Third-world thugs, autocrats, theocrats, bureaucrats and -crats of all kinds gather this week in New York City for the start of the United Nation’s General Assembly. I think it is called the “General” Assembly because it does nothing specific.
Our hookers have been busy, with the back-to-back RNC in Tampa and the DNC in Charlotte and only one travel day between the two.
Like NY Yankee pitchers, it is best not to work these women on just two day’s rest.
The U.N. provides an opportunity for the sleaziest political representatives of corrupt, third-world countries to run amok in our country under protection of diplomatic immunity. Even though they have kickback-based economies, little indoor plumbing and currencies based on goats and oldest daughters, these "leaders" criticize the U.S.

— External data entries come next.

(* Let $n\ge 1$ and let $\theta=(\theta^{ij})$ and $\theta'=(\theta'^{ij})$ be arbitrary real antisymmetric $n\times n$ matrices. Then the differential graded algebras $(A_\theta,d)$ and $(A_{\theta'},d)$ are quasi-isomorphic.
   Context: For a real antisymmetric $n\times n$ matrix $\theta$, $A_\theta$ denotes the unital associative graded algebra over $\mathbb{R}$ generated by elements $x^1,\dots,x^n$ of degree $0$ and $\xi^1,\dots,\xi^n$ of degree $1$ subject to the relations $x^ix^j-x^jx^i=\theta^{ij}$ (times the unit), $x^i\xi^j-\xi^jx^i=0$, $\xi^i\xi^j=0$ for all $i,j$. It carries the differential $d$ of degree $+1$ determined by $dx^i=\xi^i$, $d\xi^i=0$ and the graded Leibniz rule. Two dg-algebras $A,B$ are called quasi-isomorphic if there is a zig-zag $A\leftarrow C_1\rightarrow C_2\leftarrow\cdots\leftarrow C_m\rightarrow B$ of dg-algebra morphisms each of which induces an isomorphism in cohomology. *)

theory Defs
  imports Complex_Main
begin

record 'a dga =
  dg_carrier :: "'a set"
  dg_hom     :: "int \<Rightarrow> 'a set"     (* homogeneous component of degree k *)
  dg_add     :: "'a \<Rightarrow> 'a \<Rightarrow> 'a"
  dg_zero    :: 'a
  dg_smult   :: "real \<Rightarrow> 'a \<Rightarrow> 'a"
  dg_mult    :: "'a \<Rightarrow> 'a \<Rightarrow> 'a"
  dg_one     :: 'a
  dg_diff    :: "'a \<Rightarrow> 'a"

definition dg_sum :: "'a dga \<Rightarrow> (int \<Rightarrow> 'a) \<Rightarrow> 'a" where
  "dg_sum A c = foldr (\<lambda>k acc. dg_add A (c k) acc)
      (sorted_list_of_set {k. c k \<noteq> dg_zero A}) (dg_zero A)"

definition dga :: "'a dga \<Rightarrow> bool" where
  "dga A \<longleftrightarrow>
   (let C = dg_carrier A; pl = dg_add A; z = dg_zero A; sm = dg_smult A;
        mu = dg_mult A; u = dg_one A; d = dg_diff A; H = dg_hom A in
    \<comment> \<open>closure\<close>
    z \<in> C \<and> u \<in> C \<and>
    (\<forall>x\<in>C. \<forall>y\<in>C. pl x y \<in> C \<and> mu x y \<in> C) \<and>
    (\<forall>a. \<forall>x\<in>C. sm a x \<in> C) \<and> (\<forall>x\<in>C. d x \<in> C) \<and>
    \<comment> \<open>real vector space\<close>
    (\<forall>x\<in>C. \<forall>y\<in>C. \<forall>w\<in>C. pl (pl x y) w = pl x (pl y w)) \<and>
    (\<forall>x\<in>C. \<forall>y\<in>C. pl x y = pl y x) \<and>
    (\<forall>x\<in>C. pl z x = x) \<and>
    (\<forall>x\<in>C. \<exists>y\<in>C. pl x y = z) \<and>
    (\<forall>a b. \<forall>x\<in>C. sm a (sm b x) = sm (a * b) x) \<and>
    (\<forall>x\<in>C. sm 1 x = x) \<and>
    (\<forall>a. \<forall>x\<in>C. \<forall>y\<in>C. sm a (pl x y) = pl (sm a x) (sm a y)) \<and>
    (\<forall>a b. \<forall>x\<in>C. sm (a + b) x = pl (sm a x) (sm b x)) \<and>
    \<comment> \<open>unital associative algebra\<close>
    (\<forall>x\<in>C. \<forall>y\<in>C. \<forall>w\<in>C. mu (mu x y) w = mu x (mu y w)) \<and>
    (\<forall>x\<in>C. mu u x = x \<and> mu x u = x) \<and>
    (\<forall>x\<in>C. \<forall>y\<in>C. \<forall>w\<in>C. mu x (pl y w) = pl (mu x y) (mu x w)
                        \<and> mu (pl y w) x = pl (mu y x) (mu w x)) \<and>
    (\<forall>a. \<forall>x\<in>C. \<forall>y\<in>C. sm a (mu x y) = mu (sm a x) y \<and> sm a (mu x y) = mu x (sm a y)) \<and>
    \<comment> \<open>grading: direct sum of subspaces, compatible with product and unit\<close>
    (\<forall>k. H k \<subseteq> C \<and> z \<in> H k \<and> (\<forall>x\<in>H k. \<forall>y\<in>H k. pl x y \<in> H k)
         \<and> (\<forall>a. \<forall>x\<in>H k. sm a x \<in> H k)) \<and>
    (\<forall>x\<in>C. \<exists>!c. (\<forall>k. c k \<in> H k) \<and> finite {k. c k \<noteq> z} \<and> x = dg_sum A c) \<and>
    (\<forall>k l. \<forall>x\<in>H k. \<forall>y\<in>H l. mu x y \<in> H (k + l)) \<and> u \<in> H 0 \<and>
    \<comment> \<open>differential of degree +1, square zero, graded Leibniz rule\<close>
    (\<forall>x\<in>C. \<forall>y\<in>C. d (pl x y) = pl (d x) (d y)) \<and>
    (\<forall>a. \<forall>x\<in>C. d (sm a x) = sm a (d x)) \<and>
    (\<forall>k. \<forall>x\<in>H k. d x \<in> H (k + 1)) \<and>
    (\<forall>x\<in>C. d (d x) = z) \<and>
    (\<forall>k. \<forall>x\<in>H k. \<forall>y\<in>C.
        d (mu x y) = pl (mu (d x) y) (sm (if even k then 1 else -1) (mu x (d y)))))"

definition dga_morphism :: "'a dga \<Rightarrow> 'b dga \<Rightarrow> ('a \<Rightarrow> 'b) \<Rightarrow> bool" where
  "dga_morphism A B f \<longleftrightarrow> dga A \<and> dga B \<and>
    (\<forall>x\<in>dg_carrier A. f x \<in> dg_carrier B) \<and>
    (\<forall>x\<in>dg_carrier A. \<forall>y\<in>dg_carrier A. f (dg_add A x y) = dg_add B (f x) (f y)) \<and>
    (\<forall>a. \<forall>x\<in>dg_carrier A. f (dg_smult A a x) = dg_smult B a (f x)) \<and>
    (\<forall>x\<in>dg_carrier A. \<forall>y\<in>dg_carrier A. f (dg_mult A x y) = dg_mult B (f x) (f y)) \<and>
    f (dg_one A) = dg_one B \<and>
    (\<forall>k. \<forall>x\<in>dg_hom A k. f x \<in> dg_hom B k) \<and>
    (\<forall>x\<in>dg_carrier A. f (dg_diff A x) = dg_diff B (f x))"

text \<open>The map induced on $H^k = (\ker d \cap A^k) / d(A^{k-1})$ is bijective for every k
  (surjectivity and injectivity written out).\<close>
definition quasi_isomorphism :: "'a dga \<Rightarrow> 'b dga \<Rightarrow> ('a \<Rightarrow> 'b) \<Rightarrow> bool" where
  "quasi_isomorphism A B f \<longleftrightarrow> dga_morphism A B f \<and>
    (\<forall>k. (\<forall>z'\<in>dg_hom B k. dg_diff B z' = dg_zero B \<longrightarrow>
            (\<exists>z\<in>dg_hom A k. dg_diff A z = dg_zero A \<and>
               (\<exists>b\<in>dg_hom B (k - 1). dg_add B (f z) (dg_diff B b) = z'))) \<and>
         (\<forall>z\<in>dg_hom A k. dg_diff A z = dg_zero A \<and>
               (\<exists>b\<in>dg_hom B (k - 1). f z = dg_diff B b) \<longrightarrow>
            (\<exists>a\<in>dg_hom A (k - 1). z = dg_diff A a)))"

definition qiso_from :: "'a dga \<Rightarrow> 'a dga \<Rightarrow> bool" where
  "qiso_from A B \<longleftrightarrow> (\<exists>f. quasi_isomorphism A B f)"

text \<open>Zig-zag  A <- C_1 -> C_2 <- ... <- C_m -> B  (m odd), all of quasi-isomorphisms.
  With D = A # Cs @ [B], for even j the arrow goes D_(j+1) -> D_j, for odd j D_j -> D_(j+1).\<close>
definition quasi_isomorphic :: "'a dga \<Rightarrow> 'a dga \<Rightarrow> bool" where
  "quasi_isomorphic A B \<longleftrightarrow>
    (\<exists>Cs. odd (length Cs) \<and>
       (let D = A # Cs @ [B] in
        \<forall>j\<le>length Cs. (if even j then qiso_from (D ! (j + 1)) (D ! j)
                                 else qiso_from (D ! j) (D ! (j + 1)))))"

datatype gen = Xg nat | Eg nat   (* Xg i = x^(i+1), Eg i = xi^(i+1), i < n *)

definition gens :: "nat \<Rightarrow> gen set" where
  "gens n = {Xg i | i. i < n} \<union> {Eg i | i. i < n}"

definition FA :: "nat \<Rightarrow> (gen list \<Rightarrow> real) set" where
  "FA n = {f. finite {w. f w \<noteq> 0} \<and> (\<forall>w. f w \<noteq> 0 \<longrightarrow> set w \<subseteq> gens n)}"

definition fa_add :: "(gen list \<Rightarrow> real) \<Rightarrow> (gen list \<Rightarrow> real) \<Rightarrow> (gen list \<Rightarrow> real)" where
  "fa_add f g = (\<lambda>w. f w + g w)"
definition fa_smult :: "real \<Rightarrow> (gen list \<Rightarrow> real) \<Rightarrow> (gen list \<Rightarrow> real)" where
  "fa_smult c f = (\<lambda>w. c * f w)"
definition fa_sub :: "(gen list \<Rightarrow> real) \<Rightarrow> (gen list \<Rightarrow> real) \<Rightarrow> (gen list \<Rightarrow> real)" where
  "fa_sub f g = (\<lambda>w. f w - g w)"
definition fa_zero :: "gen list \<Rightarrow> real" where
  "fa_zero = (\<lambda>w. 0)"
definition fa_one :: "gen list \<Rightarrow> real" where
  "fa_one = (\<lambda>w. if w = [] then 1 else 0)"
definition fa_gen :: "gen \<Rightarrow> gen list \<Rightarrow> real" where
  "fa_gen a = (\<lambda>w. if w = [a] then 1 else 0)"
definition fa_mult :: "(gen list \<Rightarrow> real) \<Rightarrow> (gen list \<Rightarrow> real) \<Rightarrow> (gen list \<Rightarrow> real)" where
  "fa_mult f g = (\<lambda>w. \<Sum>k\<in>{0..length w}. f (take k w) * g (drop k w))"

definition A_rels :: "nat \<Rightarrow> (nat \<Rightarrow> nat \<Rightarrow> real) \<Rightarrow> (gen list \<Rightarrow> real) set" where
  "A_rels n \<theta> =
     {fa_sub (fa_sub (fa_mult (fa_gen (Xg i)) (fa_gen (Xg j))) (fa_mult (fa_gen (Xg j)) (fa_gen (Xg i))))
             (fa_smult (\<theta> i j) fa_one) | i j. i < n \<and> j < n}
   \<union> {fa_sub (fa_mult (fa_gen (Xg i)) (fa_gen (Eg j))) (fa_mult (fa_gen (Eg j)) (fa_gen (Xg i)))
       | i j. i < n \<and> j < n}
   \<union> {fa_mult (fa_gen (Eg i)) (fa_gen (Eg j)) | i j. i < n \<and> j < n}"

In perfect symmetry, the General Assembly meets on the one-year anniversary of the Occupy Wall Street movement, which put an end to greed and corruption just by camping out and making a mess in New York parks.
Iranian leader, Holocaust denier, Members Only jacket-wearing spokes-midget Mahmoud Ahmadinejad rolled back into town. For a man who hates Jews and gays, he seems to like New York City a lot. Perhaps he shops, since there is not a Gap for Kids in Iran.

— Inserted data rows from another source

lemma four_Re_cinnerA_comp_le:
  assumes adjX: "A_adjoint A X X'" and adjY: "A_adjoint A Y Y'"
    and X': "\<And>y. normA A (X' y) \<le> \<alpha> * normA A y"
    and Y: "\<And>y. normA A (Y y) \<le> \<alpha> * normA A y"
    and XY: "\<And>y. normA A (X (Y y)) \<le> \<gamma> * normA A y" and "0 \<le> \<gamma>"
    and YX: "\<And>y. cmod (cinner (A (Y (X y))) y) \<le> w * (normA A y)\<^sup>2" and "0 \<le> w"
    and x: "normA A x = 1"
  shows "4 * Re (cinner (A (X (Y x))) x) \<le> \<alpha>\<^sup>2 + \<gamma> + 2 * w"
proof -
  define z where "z = Y x + X' x"
  have "4 * Re (cinner (A (X (Y x))) x) \<le> (normA A z)\<^sup>2"
    using adjX four_Re_cinnerA_le_power2_normA_add[of "Y x" "X' x"]
    by (simp add: A_adjoint_def z_def)
  moreover have "(normA A z)\<^sup>2 \<le> \<alpha>\<^sup>2 + \<gamma> + 2 * w"
  proof (rule le_of_power2_le_mult)
    have "A_adjoint A (\<lambda>y. Y y + X' y) (\<lambda>y. Y' y + X y)"
      using A_adjoint_add[OF adjY A_adjoint_sym[OF adjX]] .
    then have "(normA A z)\<^sup>2 \<le> normA A (X z + Y' z)"
      using power2_normA_le_adjoint[of _ _ x] x by (fastforce simp: z_def add.commute)
    then have "((normA A z)\<^sup>2)\<^sup>2 \<le> (normA A (X z + Y' z))\<^sup>2"
      by (rule power_mono) simp
    also have "\<dots> \<le> (\<alpha>\<^sup>2 + \<gamma>) * (normA A z)\<^sup>2 + 2 * (w * (normA A z)\<^sup>2)"
    proof -
      have "Re (cinner (A (X z)) (Y' z)) \<le> w * (normA A z)\<^sup>2"
        using adjY YX[of z] complex_Re_le_cmod order_trans by (fastforce simp: A_adjoint_def)
      then show ?thesis
        using power2_normA_add_adjoint_le[OF adjX adjY X' Y XY \<open>0 \<le> \<gamma>\<close>, of z]
        by (simp add: power2_normA_add)
    qed
    finally show "((normA A z)\<^sup>2)\<^sup>2 \<le> (normA A z)\<^sup>2 * (\<alpha>\<^sup>2 + \<gamma> + 2 * w)"
      by (simp add: algebra_simps)
  qed (use \<open>0 \<le> \<gamma>\<close> \<open>0 \<le> w\<close> in simp)
  ultimately show ?thesis by linarith
qed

Tweaking the nose of Israel, Ahmadinejad was allowed to speak on Yom Kippur. That is like letting Paris Hilton talk on Labor Day.
Ahmadinejad was also given the honor by the U.N. of throwing out the ceremonial first Nazi reference at the gathering.
Tensions mount. On the UN soapbox, Ahmadinejad wags his finger at the U.S. and Israel. And Obama tries to avoid any more Middle Eastern problems before the election. He has already created a bad economy and increased government dependency. If American hostages are taken, it would round out the Jimmy Carter comparison trifecta.
It amazes me that all these Muslim countries which hate us so much, which don’t have running water or basic cable TV, always have American flags ready to burn whenever CNN cameras are around. If I got mad at Libya or Yemen, I can't imagine even being able to get my hands on one of their flags to burn -- and we have a Wal-Mart at every freeway exit in America.
As an aside to global warming alarmism and as a means to get guilty Americans to send them money, the members of the United Nations have proclaimed that there are now 7.2 billion people on earth. They have apparently appointed themselves the world's census takers. If the United Nations had a better way of keeping up with the Kardashians, America might care.
Maybe the UN is right; maybe there are too many people. Back in 2001 when there were just 6 billion people in the world, I enjoyed the earth better. It seemed much more neighborly. Folks from other countries would send casseroles to your house and airplanes into your office buildings. It was a simpler time.
Proving that she is a political hack, uninformed, or naïve, U.N. Ambassador Susan Rice continued to advance the White House narrative that the attacks on our embassies and the murder of Ambassador Chris Stevens were caused by a YouTube video. Contrary to any measure of common sense, she insisted that simultaneous, coordinated events in different countries on 9/11 in which our embassies were attacked were just local protests sparked by a third-rate video. Apparently she believed the Libyan crowd of several hundred "concerned citizens" milling around the US Consulate on 9/11 were incited by coincidence on “Bring your Rocket Propelled Grenade Launcher to Work" Day.
Maybe we can harness the considerable intellect of Hollywood, the humility of Obama, and the diplomacy of the Church of Scientology to work things out with Iran. Scientology elders are screening gorgeous Iranian actress Nazanin Bodiadi for the role of Tom Cruise’s next wife. Cruise and the Scientologists are so enamored with her that they have asked Israel to bomb around her.
It is optimistic to hope that all of the countries of the world meeting in N.Y. would solve problems. Instead, it is a sideshow of epic proportion, replete with reductive reiterations of their view of world problems, always concluding that we need to send them more money -- and calling us the "Great Satan" for doing so.